Мой дядя, Меццо Альдебрандо Денарио. Это единственная дверь, которая будет
оставаться закрытой. Даже с ней, так что я рассказываю ей свою версию правды.
– Мой дед по маминой линии. Тот, о котором я говорил раньше.
– Антонио Альдебрандо, – отвечает она. Я киваю, и она спрашивает: – Ты любишь
соревнования по стрельбе?
– Любил. Винтовки крупного калибра. Но этого было не достаточно, чтобы
присоединиться Национальной стрелковой ассоциации США. Вот такое мое прошлое. – Я
избегаю разговоров о том, кто были мои инструктора и почему они были
высококвалифицированными. Мой дядя и несколько двоюродных братьев периодически
появлялись в моей жизни тогда и сейчас. Они научили меня стрелять из ружья
двенадцатого калибра для того, что не имело ничего общего с ношением камуфляжа,
поеданием вяленого мяса или хвастовством. К тому времени как я стал подростком, я смог
бросать нож любой рукой и у меня было достаточно опыта использования штурмовых
винтовок и полуавтоматического оружия, чтобы запомнить вес пушки в своей руке.

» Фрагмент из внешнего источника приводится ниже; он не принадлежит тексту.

(* Let $c_1\neq c_2$ be points in $[0,1]$ and consider the scheme (EQRF2) $$y_{n+1}=e^{\tau A}y_n+\tau\varphi_1(\tau A)\alpha_{0,n}+\Gamma(1+r)\Bigl((t_n+\tau)^{1+r}\varphi_{1+r}\bigl((t_n+\tau)A\bigr)-t_n^{1+r}e^{\tau A}\varphi_{1+r}(t_nA)\Bigr)\alpha_{1,n},$$ $n=0,\dots,N-1$, started from the exact initial value $y_0$, where $$\alpha_{1,n}=\frac{h((t_n+c_2\tau)^r)-h((t_n+c_1\tau)^r)}{(t_n+c_2\tau)^r-(t_n+c_1\tau)^r},\qquad \alpha_{0,n}=h((t_n+c_1\tau)^r)-(t_n+c_1\tau)^r\alpha_{1,n}.$$ Assume $h$ is twice differentiable on $[0,\infty)$ with bounded derivatives $h',h''$. Then for all $N\in\mathbb{N}$ and $0\le n\le N$, $$\|y(t_n)-y_n\|\le\begin{cases}C\tau^{\min\{1+2r,\,2\}}, & r\neq\tfrac12,\\ C\tau^2\bigl(1+\lvert\log\tau\rvert\bigr), & r=\tfrac12,\end{cases}$$ where $C$ may depend on $T$ (and on $r,h,c_1,c_2$ and the semigroup) but not on $n$ or $\tau$.
   Context: $(X,\|\cdot\|)$ is a Banach space and $A:\mathcal{D}(A)\subset X\to X$ is a linear operator generating a strongly continuous semigroup $\{e^{tA}\}_{t\ge0}$ on $X$. Fix $T>0$, $0<r<1$, $y_0\in X$ and $h:[0,\infty)\to X$. The problem is $y'(t)=Ay(t)+h(t^r)$, $y(0)=y_0$, $t\in[0,T]$, with (mild) solution $y(t)=e^{tA}y_0+\int_0^te^{(t-s)A}h(s^r)\,ds$. Time grid: $N\in\mathbb{N}$, $\tau=T/N$, $t_n=n\tau$. For $\lambda>0$ and $t\ge0$ the fractional $\varphi$ function is the bounded operator $\varphi_\lambda(tA)v=\frac{1}{\Gamma(\lambda)}\int_0^1e^{(1-\theta)tA}\theta^{\lambda-1}v\,d\theta$ ($v\in X$), $\Gamma$ being Euler's gamma function; in particular $\tau\varphi_1(\tau A)v=\int_0^\tau e^{(\tau-s)A}v\,ds$. Convention $0^{1+r}=0$. *)

theory Defs
  imports "HOL-Analysis.Analysis"
begin

text \<open>A strongly continuous (C0) semigroup on a Banach space, given by the family
  S t = e^{tA}, t \<ge> 0.  The generator A is determined by S; the statement only
  involves A through e^{tA} and the phi functions.\<close>
definition C0_semigroup :: "(real \<Rightarrow> 'a::banach \<Rightarrow> 'a) \<Rightarrow> bool" where
  "C0_semigroup S \<longleftrightarrow>
     (\<forall>t\<ge>0. bounded_linear (S t)) \<and>
     S 0 = id \<and>
     (\<forall>s\<ge>0. \<forall>t\<ge>0. S (s + t) = S s \<circ> S t) \<and>
     (\<forall>v. ((\<lambda>t. S t v) \<longlongrightarrow> v) (at_right 0))"

text \<open>Fractional phi function: phi_lam(tA) v = 1/Gamma(lam) int_0^1 e^{(1-th)tA} th^(lam-1) v dth.\<close>
definition phi_frac :: "(real \<Rightarrow> 'a::banach \<Rightarrow> 'a) \<Rightarrow> real \<Rightarrow> real \<Rightarrow> 'a \<Rightarrow> 'a" where
  "phi_frac S lam t v =
     (1 / Gamma lam) *\<^sub>R integral {0..1} (\<lambda>\<theta>. (\<theta> powr (lam - 1)) *\<^sub>R S ((1 - \<theta>) * t) v)"

text \<open>Mild solution of y' = A y + h(t^r), y(0) = y0.\<close>
definition mild_sol :: "(real \<Rightarrow> 'a::banach \<Rightarrow> 'a) \<Rightarrow> (real \<Rightarrow> 'a) \<Rightarrow> real \<Rightarrow> 'a \<Rightarrow> real \<Rightarrow> 'a" where
  "mild_sol S h r y0 t = S t y0 + integral {0..t} (\<lambda>s. S (t - s) (h (s powr r)))"

text \<open>The scheme EQRF2 with step size tau, t_n = n tau.  Note 0 powr x = 0.\<close>
fun eqrf2 :: "(real \<Rightarrow> 'a::banach \<Rightarrow> 'a) \<Rightarrow> (real \<Rightarrow> 'a) \<Rightarrow> real \<Rightarrow> real \<Rightarrow> real \<Rightarrow> real \<Rightarrow> 'a \<Rightarrow> nat \<Rightarrow> 'a" where
  "eqrf2 S h r c1 c2 \<tau> y0 0 = y0"
| "eqrf2 S h r c1 c2 \<tau> y0 (Suc n) =
    (let tn = real n * \<tau>;
         a = (tn + c1 * \<tau>) powr r;
         b = (tn + c2 * \<tau>) powr r;
         \<alpha>1 = (1 / (b - a)) *\<^sub>R (h b - h a);
         \<alpha>0 = h a - a *\<^sub>R \<alpha>1
     in S \<tau> (eqrf2 S h r c1 c2 \<tau> y0 n)
        + \<tau> *\<^sub>R phi_frac S 1 \<tau> \<alpha>0
        + Gamma (1 + r) *\<^sub>R
            ((tn + \<tau>) powr (1 + r) *\<^sub>R phi_frac S (1 + r) (tn + \<tau>) \<alpha>1
             - tn powr (1 + r) *\<^sub>R S \<tau> (phi_frac S (1 + r) tn \<alpha>1)))"

end

theory Submission
  imports Defs
begin

text \<open>The error \<open>e\<^sub>n = y(t\<^sub>n) - y\<^sub>n\<close> satisfies \<open>e\<^sub>n\<^sub>+\<^sub>1 = e\<^sup>\<tau>\<^sup>A e\<^sub>n + \<delta>\<^sub>n\<close>, because one step of
  EQRF2 is the exact variation-of-constants step with \<open>h(s\<^sup>r)\<close> replaced on \<open>[t\<^sub>n, t\<^sub>n\<^sub>+\<^sub>1]\<close>
  by its linear interpolant in the variable \<open>u = s\<^sup>r\<close>. Since \<open>h''\<close> is bounded, the interpolation
  error is \<open>O((t\<^sub>n\<^sub>+\<^sub>1\<^sup>r - t\<^sub>n\<^sup>r)\<^sup>2)\<close>, so \<open>\<parallel>\<delta>\<^sub>n\<parallel> \<le> C \<tau>\<^sup>1\<^sup>+\<^sup>2\<^sup>r ((n + 1)\<^sup>r - n\<^sup>r)\<^sup>2\<close>. Summing with the
  uniform bound of \<open>e\<^sup>t\<^sup>A\<close> on \<open>[0, T]\<close> and \<open>((k + 1)\<^sup>r - k\<^sup>r)\<^sup>2 \<le> k\<^sup>2\<^sup>r\<^sup>-\<^sup>2\<close>, the global error
  is at most \<open>C \<tau>\<^sup>1\<^sup>+\<^sup>2\<^sup>r\<close> times a sum that is bounded for \<open>r < 1/2\<close>, of order \<open>log N\<close> for
  \<open>r = 1/2\<close> and of order \<open>N\<^sup>2\<^sup>r\<^sup>-\<^sup>1\<close> for \<open>r > 1/2\<close>.\<close>

lemma linear_norm_le_of_ball:
  fixes f :: "'a::real_normed_vector \<Rightarrow> 'b::real_normed_vector"
  assumes f: "linear f" and e: "0 < e" and bound: "\<And>y. y \<in> ball x0 e \<Longrightarrow> norm (f y) \<le> K"
  shows "norm (f x) \<le> (4 * K / e) * norm x"
proof (cases "x = 0")
  case True
  then show ?thesis using linear_0[OF f] by simp
next
  case False
  define c where "c = e / (2 * norm x)"
  have c: "c > 0" using False e by (simp add: c_def)
  have "norm (c *\<^sub>R x) < e" using False e by (simp add: c_def)
  then have "norm (f (x0 + c *\<^sub>R x)) \<le> K" and "norm (f x0) \<le> K"
    using e by (auto intro!: bound simp: dist_norm)
  moreover have "f (c *\<^sub>R x) = f (x0 + c *\<^sub>R x) - f x0"
    by (simp add: linear_add[OF f])
  ultimately have "norm (f (c *\<^sub>R x)) \<le> 2 * K"
    using norm_triangle_ineq4[of "f (x0 + c *\<^sub>R x)" "f x0"] by (simp only:)
  then have "c * norm (f x) \<le> 2 * K"
    using c by (simp add: linear_scale[OF f])
  then have "norm (f x) \<le> 2 * K / c" using c by (simp add: field_simps)
  also have "\<dots> = (4 * K / e) * norm x" using False e by (simp add: c_def field_simps)
  finally show ?thesis .
qed

text \<open>By Baire's theorem one of the closed sets \<open>{x. \<forall>n. \<parallel>T n x\<parallel> \<le> k}\<close> contains a ball.\<close>

lemma uniform_boundedness:
  fixes T :: "nat \<Rightarrow> 'a::banach \<Rightarrow> 'b::real_normed_vector"
  assumes bl: "\<And>n. bounded_linear (T n)" and pointwise: "\<And>x. \<exists>B. \<forall>n. norm (T n x) \<le> B"
  shows "\<exists>B. \<forall>n x. norm (T n x) \<le> B * norm x"
proof -
  define F where "F k = {x. \<forall>n. norm (T n x) \<le> real k}" for k :: nat
  have closed_F: "closed (F k)" for k
  proof -
    have "F k = (\<Inter>n. {x. norm (T n x) \<le> real k})" by (auto simp: F_def)
    moreover have "closed {x. norm (T n x) \<le> real k}" for n
      by (intro closed_Collect_le continuous_intros linear_continuous_on bounded_linear.linear bl
           continuous_on_norm)
    ultimately show ?thesis by auto
  qed
  have cover: "(\<Union>k. F k) = UNIV"
  proof safe
    fix x :: 'a
    obtain B where "\<forall>n. norm (T n x) \<le> B" using pointwise by blast
    moreover obtain k :: nat where "B \<le> real k" using real_arch_simple by blast
    ultimately have "x \<in> F k" unfolding F_def by (auto intro: order_trans)
    then show "x \<in> (\<Union>k. F k)" by blast
  qed simp
  have "\<exists>k. interior (F k) \<noteq> {}"
  proof (rule ccontr)
    assume "\<not> ?thesis"
    then have "euclidean interior_of \<Union>(range F) = {}"
      by (intro Baire_category_alt) (auto simp: completely_metrizable_space_euclidean closed_F)
    then show False using cover by simp
  qed
  then obtain k x0 where "x0 \<in> interior (F k)" by blast
  then obtain e where e: "e > 0" "ball x0 e \<subseteq> F k"
    using open_contains_ball_eq open_interior interior_subset by (metis subset_trans)
  then have "norm (T n y) \<le> real k" if "y \<in> ball x0 e" for n y
    using that by (auto simp: F_def)
  then show ?thesis
    using linear_norm_le_of_ball[OF bounded_linear.linear[OF bl] e(1)] by blast
qed

context
  fixes S :: "real \<Rightarrow> 'a::banach \<Rightarrow> 'a"
  assumes C0: "C0_semigroup S"
begin

lemma semigroup_bounded_linear: "t \<ge> 0 \<Longrightarrow> bounded_linear (S t)"
  using C0 by (auto simp: C0_semigroup_def)

lemma semigroup_linear: "t \<ge> 0 \<Longrightarrow> linear (S t)"
  using semigroup_bounded_linear bounded_linear.linear by blast

lemma semigroup_zero [simp]: "S 0 v = v"
  using C0 by (auto simp: C0_semigroup_def)

lemma semigroup_add: "s \<ge> 0 \<Longrightarrow> t \<ge> 0 \<Longrightarrow> S (s + t) v = S s (S t v)"
  using C0 unfolding C0_semigroup_def by (metis comp_apply)

lemma semigroup_near_identity:
  assumes "e > 0"
  shows "\<exists>d>0. \<forall>t. 0 \<le> t \<and> t < d \<longrightarrow> norm (S t v - v) < e"
proof -
  have "((\<lambda>t. S t v) \<longlongrightarrow> v) (at_right 0)" using C0 by (auto simp: C0_semigroup_def)
  then have "eventually (\<lambda>t. dist (S t v) v < e) (at_right 0)"
    using assms by (auto simp: tendsto_iff)
  then obtain d where d: "d > 0" "\<And>t. t > 0 \<Longrightarrow> t < d \<Longrightarrow> dist (S t v) v < e"
    by (auto simp: eventually_at_right_field)
  have "norm (S t v - v) < e" if "0 \<le> t" "t < d" for t
    using d that assms by (cases "t = 0") (auto simp: dist_norm)
  then show ?thesis using d(1) by blast
qed

text \<open>Otherwise there are times \<open>t\<^sub>n \<rightarrow> 0\<close> with \<open>\<parallel>S t\<^sub>n\<parallel> > n\<close>; but every orbit
  \<open>S t\<^sub>n x \<rightarrow> x\<close> is bounded, contradicting the uniform boundedness principle.\<close>

lemma semigroup_locally_bounded:
  "\<exists>d>0. \<exists>M\<ge>1. \<forall>t v. 0 \<le> t \<and> t \<le> d \<longrightarrow> norm (S t v) \<le> M * norm v"
proof (rule ccontr)
  assume unbounded: "\<not> ?thesis"
  have "\<exists>t v. 0 \<le> t \<and> t \<le> 1 / (real n + 1) \<and> norm (S t v) > real (n + 1) * norm v" for n
  proof -
    have "\<not> (\<forall>t v. 0 \<le> t \<and> t \<le> 1 / (real n + 1) \<longrightarrow> norm (S t v) \<le> real (n + 1) * norm v)"
      using unbounded by (metis add_nonneg_pos le_add_same_cancel2 linorder_not_le of_nat_0_le_iff
          of_nat_1 of_nat_add zero_less_divide_1_iff zero_less_one)
    then show ?thesis by (auto simp: not_le)
  qed
  then obtain t v where tv: "\<And>n. 0 \<le> t n" "\<And>n. t n \<le> 1 / (real n + 1)"
    "\<And>n. norm (S (t n) (v n)) > real (n + 1) * norm (v n)"
    by metis
  have "\<exists>B. \<forall>n x. norm (S (t n) x) \<le> B * norm x"
  proof (rule uniform_boundedness)
    show "bounded_linear (S (t n))" for n using tv semigroup_bounded_linear by auto
    fix x
    have t_lim: "t \<longlonglongrightarrow> 0"
    proof (rule tendsto_sandwich[of "\<lambda>_. 0" _ _ "\<lambda>n. 1 / (real n + 1)"])
      show "(\<lambda>n. 1 / (real n + 1)) \<longlonglongrightarrow> 0"
        using LIMSEQ_inverse_real_of_nat by (simp add: inverse_eq_divide add.commute)
    qed (use tv in auto)
    have "(\<lambda>n. S (t n) x) \<longlonglongrightarrow> x"
    proof (rule LIMSEQ_I)
      fix e :: real assume "e > 0"
      then obtain d where d: "d > 0" "\<forall>s. 0 \<le> s \<and> s < d \<longrightarrow> norm (S s x - x) < e"
        using semigroup_near_identity by blast
      obtain N where "\<forall>n\<ge>N. norm (t n - 0) < d" using LIMSEQ_D[OF t_lim d(1)] by blast
      then show "\<exists>N. \<forall>n\<ge>N. norm (S (t n) x - x) < e" using d tv by auto
    qed
    then have "bounded (range (\<lambda>n. S (t n) x))"
      using convergent_imp_bounded by blast
    then show "\<exists>B. \<forall>n. norm (S (t n) x) \<le> B"
      by (auto simp: bounded_iff)
  qed
  then obtain B where B: "\<And>n x. norm (S (t n) x) \<le> B * norm x" by blast
  obtain n :: nat where "B \<le> real n" using real_arch_simple by blast
  then have "B * norm (v n) \<le> real (n + 1) * norm (v n)"
    by (intro mult_right_mono) auto
  then show False using B[of n "v n"] tv(3)[of n] by linarith
qed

– На кого была похожа твоя мама? – без предупреждения спрашивает она.
Ее вопрос настиг меня, зарядив прямо промеж глаз.
– Моя мама... она была очень похожа на тебя. Полна энергии. Смелая. Классная. – Я
говорю ей то, что первое приходит на ум. Я не останавливаюсь ни на минуту, а она
слушает, держа меня за руку в то время, как мое прошлое льется из меня рекой. Когда я
заканчиваю, в моей груди пустота. Я ошеломленно глажу пальцами ее пальчики, чувствуя
при этом облегчение.
– Ты знаешь обо мне больше, чем кто–либо другой, – говорю я и встречаюсь с ее глазами
цвета неба. – Расскажи мне о себе... что–то, что я не знаю.
– Не легко иметь дело с прошлым. Я понятия не имею, кто мой отец. – Она удерживает
мой взгляд, не моргая, и улыбается. – Я надеюсь, что это не даст тебе уснуть.
Я слушаю ее, представляя ее жизнь как единственного ребенка, выросшего в окружении
Грейс и Стэна Стиллманов, где эти двое явно стремились контролировать ее жизнь.
Посадили ее в ящик, затем решили, что этот ящик не был достаточно хорош, и попытались
засунуть ее в другой. Я уже выяснил, что она не знает кто ее отец, но я не знаю, хочет ли
она его найти. Она говорит лишь о своей личной истории, предоставляя мне голые факты.
– Разведясь с мужем номер два, моя мать путешествовала и прожила год в Индии и Тибете
и вернулась оттуда беременной. Мои двоюродные братья и сестры разные по возрасту.
Двое самых близких мне по возрасту, осели в Мидлтауне пару лет назад и пытаются
прославиться в мире финансовой аристократии Стилманов на Пятой авеню. Колин – сын
тети по маминой линии, как тебе уже известно, не утруждает себя ничем, кроме как
перетряхиванием грязного белья нашей семьи.
– Ты была одинока? – Спрашиваю я, проводя костяшками пальцев по ее скуле, и,
наблюдая за тем, как ее ноздри слегка раздуваются. – Даже имея сестру, я был одинок.
Проживая в огромном доме, ты не можешь завести друзей, живущих по соседству.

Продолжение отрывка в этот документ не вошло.